Tutorial: Detecting Near Duplicates with AudioDB

AudioDB Tutorial 02 - Detecting Near Duplicates

The Question

Say we suspect that a particular recording has been duplicated, digitally altered, and marketed as a 'new' recording. We want to use audioDB to search our collection of recordings to find near-duplicate tracks and identify suspect recordings. (Alternatively, this search can be used to indentify distinct masterings of a single source recording:

Feature Extraction

We use fftextract to generate chromagram features for our audio collection, as described in the previous tutorial. In this example we use 36 bin chromagram features calculated every second.

Creating The Database

See accompanying document

Formulating the Query

Let us say we suspect the performance corresponding to track_337.wav has been duplicated and the duplicate is somewhere in our collection. Instead of searching for matching
segments we want to return entire tracks that have much of the same content. To do so, we wish to count sequences in the query track which have at least one close-enough match within a particular database track and return the tracks with the highest counts.
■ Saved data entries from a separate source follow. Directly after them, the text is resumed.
(* Let $(E,\mathcal{P})$ be a random locally convex module over $K$ with base $(\Omega,\mathcal{F},P)$, endowed with its $(\varepsilon,\lambda)$-topology $\mathcal{T}_{\varepsilon,\lambda}$. Then there exist a family of random normed modules $\{(E_q,\|\cdot\|_q):q\in\mathcal{Q}\}$ over $K$ with base $(\Omega,\mathcal{F},P)$ and an $L^0(\mathcal{F},K)$-module homomorphism $h:E\to\prod_{q\in\mathcal{Q}}E_q$ such that $h$ is a homeomorphism from $(E,\mathcal{T}_{\varepsilon,\lambda})$ onto $(h(E),\mathcal{T})$, where $\mathcal{T}$ is the (relative) product topology of $\prod_{q\in\mathcal{Q}}(E_q,\mathcal{T}_{\varepsilon,\lambda})$.
   Context: $(\Omega,\mathcal{F},P)$ is a probability space, $K=\mathbb{R}$ or $\mathbb{C}$, $L^0(\mathcal{F},K)$ is the algebra of equivalence classes (modulo $P$-a.s. equality) of $K$-valued $\mathcal{F}$-measurable random variables, $L^0_+$ the nonnegative elements of $L^0(\mathcal{F},\mathbb{R})$. An $L^0$-seminorm on an $L^0(\mathcal{F},K)$-module $E$ is a map $\|\cdot\|:E\to L^0_+$ with $\|\xi x\|=|\xi|\|x\|$ and $\|x+y\|\le\|x\|+\|y\|$; it is an $L^0$-norm if moreover $\|x\|=0$ implies $x=\theta$. A random normed module is a pair $(E,\|\cdot\|)$ with $\|\cdot\|$ an $L^0$-norm. A random locally convex module $(E,\mathcal{P})$ is an $L^0(\mathcal{F},K)$-module $E$ with a family $\mathcal{P}$ of $L^0$-seminorms such that $\bigvee\{\|x\|:\|\cdot\|\in\mathcal{P}\}=0$ iff $x=\theta$ (a random normed module is the case $\mathcal{P}=\{\|\cdot\|\}$). For finite nonempty $\mathcal{Q}\subset\mathcal{P}$ let $\|x\|_{\mathcal{Q}}=\bigvee_{\|\cdot\|\in\mathcal{Q}}\|x\|$; the $(\varepsilon,\lambda)$-topology $\mathcal{T}_{\varepsilon,\lambda}$ on $E$ has local base at $\theta$ the sets $\{x: P\{\|x\|_{\mathcal{Q}}<\varepsilon\}>1-\lambda\}$ ($\mathcal{Q}$ finite nonempty, $\varepsilon>0$, $0<\lambda<1$). *)

theory Defs
  imports "HOL-Probability.Probability"
begin

text \<open>Elements of L0(F,K) are represented by F-measurable K-valued functions;
 two representatives are identified when they agree almost surely.
 The module E is given by a carrier set with addition, zero and an action
 of representatives of L0 which must respect almost sure equality.\<close>

definition L0_module ::
  "'w measure \<Rightarrow> 'e set \<Rightarrow> ('e \<Rightarrow> 'e \<Rightarrow> 'e) \<Rightarrow> 'e \<Rightarrow>
   (('w \<Rightarrow> 'k::{real_normed_field,banach}) \<Rightarrow> 'e \<Rightarrow> 'e) \<Rightarrow> bool" where
  "L0_module M E add zero smul \<longleftrightarrow>
     zero \<in> E \<and>
     (\<forall>x\<in>E. \<forall>y\<in>E. add x y \<in> E) \<and>
     (\<forall>\<xi>\<in>borel_measurable M. \<forall>x\<in>E. smul \<xi> x \<in> E) \<and>
     (\<forall>x\<in>E. \<forall>y\<in>E. \<forall>z\<in>E. add (add x y) z = add x (add y z)) \<and>
     (\<forall>x\<in>E. \<forall>y\<in>E. add x y = add y x) \<and>
     (\<forall>x\<in>E. add zero x = x) \<and>
     (\<forall>x\<in>E. \<exists>y\<in>E. add x y = zero) \<and>
     (\<forall>\<xi>\<in>borel_measurable M. \<forall>\<eta>\<in>borel_measurable M. \<forall>x\<in>E.
         (AE \<omega> in M. \<xi> \<omega> = \<eta> \<omega>) \<longrightarrow> smul \<xi> x = smul \<eta> x) \<and>
     (\<forall>\<xi>\<in>borel_measurable M. \<forall>x\<in>E. \<forall>y\<in>E.
         smul \<xi> (add x y) = add (smul \<xi> x) (smul \<xi> y)) \<and>
     (\<forall>\<xi>\<in>borel_measurable M. \<forall>\<eta>\<in>borel_measurable M. \<forall>x\<in>E.
         smul (\<lambda>\<omega>. \<xi> \<omega> + \<eta> \<omega>) x = add (smul \<xi> x) (smul \<eta> x)) \<and>
     (\<forall>\<xi>\<in>borel_measurable M. \<forall>\<eta>\<in>borel_measurable M. \<forall>x\<in>E.
         smul (\<lambda>\<omega>. \<xi> \<omega> * \<eta> \<omega>) x = smul \<xi> (smul \<eta> x)) \<and>
     (\<forall>x\<in>E. smul (\<lambda>\<omega>. 1) x = x)"

definition L0_seminorm ::
  "'w measure \<Rightarrow> 'e set \<Rightarrow> ('e \<Rightarrow> 'e \<Rightarrow> 'e) \<Rightarrow>
   (('w \<Rightarrow> 'k::{real_normed_field,banach}) \<Rightarrow> 'e \<Rightarrow> 'e) \<Rightarrow> ('e \<Rightarrow> 'w \<Rightarrow> real) \<Rightarrow> bool" where
  "L0_seminorm M E add smul nm \<longleftrightarrow>
     (\<forall>x\<in>E. nm x \<in> borel_measurable M \<and> (AE \<omega> in M. 0 \<le> nm x \<omega>)) \<and>
     (\<forall>\<xi>\<in>borel_measurable M. \<forall>x\<in>E.
         AE \<omega> in M. nm (smul \<xi> x) \<omega> = norm (\<xi> \<omega>) * nm x \<omega>) \<and>
     (\<forall>x\<in>E. \<forall>y\<in>E. AE \<omega> in M. nm (add x y) \<omega> \<le> nm x \<omega> + nm y \<omega>)"

definition L0_norm ::
  "'w measure \<Rightarrow> 'e set \<Rightarrow> ('e \<Rightarrow> 'e \<Rightarrow> 'e) \<Rightarrow> 'e \<Rightarrow>
   (('w \<Rightarrow> 'k::{real_normed_field,banach}) \<Rightarrow> 'e \<Rightarrow> 'e) \<Rightarrow> ('e \<Rightarrow> 'w \<Rightarrow> real) \<Rightarrow> bool" where
  "L0_norm M E add zero smul nm \<longleftrightarrow>
     L0_seminorm M E add smul nm \<and>
     (\<forall>x\<in>E. (AE \<omega> in M. nm x \<omega> = 0) \<longrightarrow> x = zero)"

definition random_normed_module ::
  "'w measure \<Rightarrow> 'e set \<Rightarrow> ('e \<Rightarrow> 'e \<Rightarrow> 'e) \<Rightarrow> 'e \<Rightarrow>
   (('w \<Rightarrow> 'k::{real_normed_field,banach}) \<Rightarrow> 'e \<Rightarrow> 'e) \<Rightarrow> ('e \<Rightarrow> 'w \<Rightarrow> real) \<Rightarrow> bool" where
  "random_normed_module M E add zero smul nm \<longleftrightarrow>
     L0_module M E add zero smul \<and> L0_norm M E add zero smul nm"

text \<open>The condition
  \<open>\<Or>{||x|| : ||.|| \<in> P} = 0 iff x = \<theta>\<close> is written out: since all
  the seminorms are nonnegative, the supremum in L0 vanishes iff every member
  vanishes a.s.; the direction x = \<theta> \<Longrightarrow> sup = 0 holds for every seminorm.\<close>
definition random_locally_convex_module ::
  "'w measure \<Rightarrow> 'e set \<Rightarrow> ('e \<Rightarrow> 'e \<Rightarrow> 'e) \<Rightarrow> 'e \<Rightarrow>
   (('w \<Rightarrow> 'k::{real_normed_field,banach}) \<Rightarrow> 'e \<Rightarrow> 'e) \<Rightarrow> ('e \<Rightarrow> 'w \<Rightarrow> real) set \<Rightarrow> bool" where
  "random_locally_convex_module M E add zero smul PP \<longleftrightarrow>
     L0_module M E add zero smul \<and>
     (\<forall>p\<in>PP. L0_seminorm M E add smul p) \<and>
     (\<forall>x\<in>E. (\<forall>p\<in>PP. AE \<omega> in M. p x \<omega> = 0) \<longrightarrow> x = zero)"

definition eps_lambda_nbhd ::
  "'w measure \<Rightarrow> 'e set \<Rightarrow> ('e \<Rightarrow> 'w \<Rightarrow> real) set \<Rightarrow> real \<Rightarrow> real \<Rightarrow> 'e set" where
  "eps_lambda_nbhd M E Q eps lam =
     {z \<in> E. measure M {\<omega> \<in> space M. Max ((\<lambda>p. p z \<omega>) ` Q) < eps} > 1 - lam}"

definition eps_lambda_topology ::
  "'w measure \<Rightarrow> 'e set \<Rightarrow> ('e \<Rightarrow> 'e \<Rightarrow> 'e) \<Rightarrow> ('e \<Rightarrow> 'w \<Rightarrow> real) set \<Rightarrow> 'e topology" where
  "eps_lambda_topology M E add PP = topology (\<lambda>U. U \<subseteq> E \<and>
     (\<forall>x\<in>U. \<exists>Q eps lam. finite Q \<and> Q \<noteq> {} \<and> Q \<subseteq> PP \<and> 0 < eps \<and> 0 < lam \<and> lam < 1 \<and>
        (\<forall>z\<in>eps_lambda_nbhd M E Q eps lam. add x z \<in> U)))"

end

theory Submission
  imports Defs
begin

text \<open>For a finite nonempty \<open>Q \<subseteq> \<P>\<close> the pointwise maximum \<open>\<parallel>\<cdot>\<parallel>\<^sub>Q\<close> of the seminorms
  in \<open>Q\<close> is again an \<open>L\<^sup>0\<close>-seminorm, and \<open>E\<^sub>Q\<close>, the quotient of \<open>E\<close> by the kernel of
  \<open>\<parallel>\<cdot>\<parallel>\<^sub>Q\<close>, is a random normed module. Let \<open>h\<close> send \<open>x\<close> to its family of classes
  \<open>([x]\<^sub>Q)\<^sub>Q\<close>; it is a module homomorphism, and it is injective because \<open>\<P>\<close> separates points.
  The basic neighbourhood \<open>x + N(Q, \<epsilon>, \<lambda>)\<close> of \<open>E\<close> is exactly the preimage of the basic
  neighbourhood \<open>[x]\<^sub>Q + N(\<epsilon>, \<lambda>)\<close> of \<open>E\<^sub>Q\<close>, so the \<open>(\<epsilon>,\<lambda>)\<close>-topology of \<open>E\<close> is the
  initial topology of the quotient maps, which makes \<open>h\<close> a homeomorphism onto its image in
  the product.\<close>

section \<open>Embeddings into product topologies\<close>

lemma homeomorphic_map_into_product_topology:
  assumes continuous: "\<And>i. i \<in> I \<Longrightarrow> continuous_map X (Y i) (\<lambda>x. f x i)"
    and extensional: "\<And>x. x \<in> topspace X \<Longrightarrow> f x \<in> extensional I"
    and inj: "inj_on f (topspace X)"
    and initial: "\<And>U x. openin X U \<Longrightarrow> x \<in> U \<Longrightarrow>
      \<exists>i\<in>I. \<exists>W. openin (Y i) W \<and> f x i \<in> W \<and> (\<forall>y\<in>topspace X. f y i \<in> W \<longrightarrow> y \<in> U)"
  shows "homeomorphic_map X (subtopology (product_topology Y I) (f ` topspace X)) f"
proof (rule bijective_open_imp_homeomorphic_map)
  have f_continuous: "continuous_map X (product_topology Y I) f"
    using continuous extensional by (auto simp: continuous_map_componentwise)
  then show "continuous_map X (subtopology (product_topology Y I) (f ` topspace X)) f"
    by (rule continuous_map_into_subtopology) blast
  have f_topspace: "f ` topspace X \<subseteq> topspace (product_topology Y I)"
    using f_continuous by (rule continuous_map_image_subset_topspace)
  then show "f ` topspace X = topspace (subtopology (product_topology Y I) (f ` topspace X))"
    by auto
  show "open_map X (subtopology (product_topology Y I) (f ` topspace X)) f"
    unfolding open_map_def
  proof (intro allI impI)
    fix U assume U: "openin X U"
    show "openin (subtopology (product_topology Y I) (f ` topspace X)) (f ` U)"
    proof (subst openin_subopen, intro ballI)
      fix g assume "g \<in> f ` U"
      then obtain x where x: "x \<in> U" "g = f x" by blast
      obtain i W where i: "i \<in> I" and W: "openin (Y i) W" "f x i \<in> W"
        and preimage: "\<forall>y\<in>topspace X. f y i \<in> W \<longrightarrow> y \<in> U"
        using initial[OF U x(1)] by blast
      define T where "T = {g \<in> topspace (product_topology Y I). g i \<in> W} \<inter> f ` topspace X"
      have "openin (subtopology (product_topology Y I) (f ` topspace X)) T"
        unfolding T_def openin_subtopology
        using openin_continuous_map_preimage[OF continuous_map_product_projection[of i I Y, OF i] W(1)]
        by blast
      moreover have "g \<in> T"
        using x W(2) f_topspace openin_subset[OF U] by (auto simp: T_def)
      moreover have "T \<subseteq> f ` U"
        using preimage by (auto simp: T_def)
      ultimately show "\<exists>T. openin (subtopology (product_topology Y I) (f ` topspace X)) T \<and> g \<in> T \<and> T \<subseteq> f ` U"
        by blast
    qed
  qed
qed (rule inj)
Here “close-enough” is defined by the overall statistics of the feature space (see tutorial XXX and/or IEEE TASLP paper for how to determine this threshold automatically). We provide a threshold radius with the -R flag

audioDB -d piano.adb -Q sequence -e -n 1 -l 3 -r 5 -R 0.03 -f track_337.chr36

A list of tracks with matching more than one matching sequence will be returned:


track_337 228
track_228 224
track_16 10
track_142 9
track_255 8

In our example above we see that track_337 has 228 matching segments with itself (not surprising) but we also see that track_228 has 224 matching segments; many more than the next closest matches. We can infer that track_228 is probably a near-duplicate of track_337, and that the other returned tracks probably are not.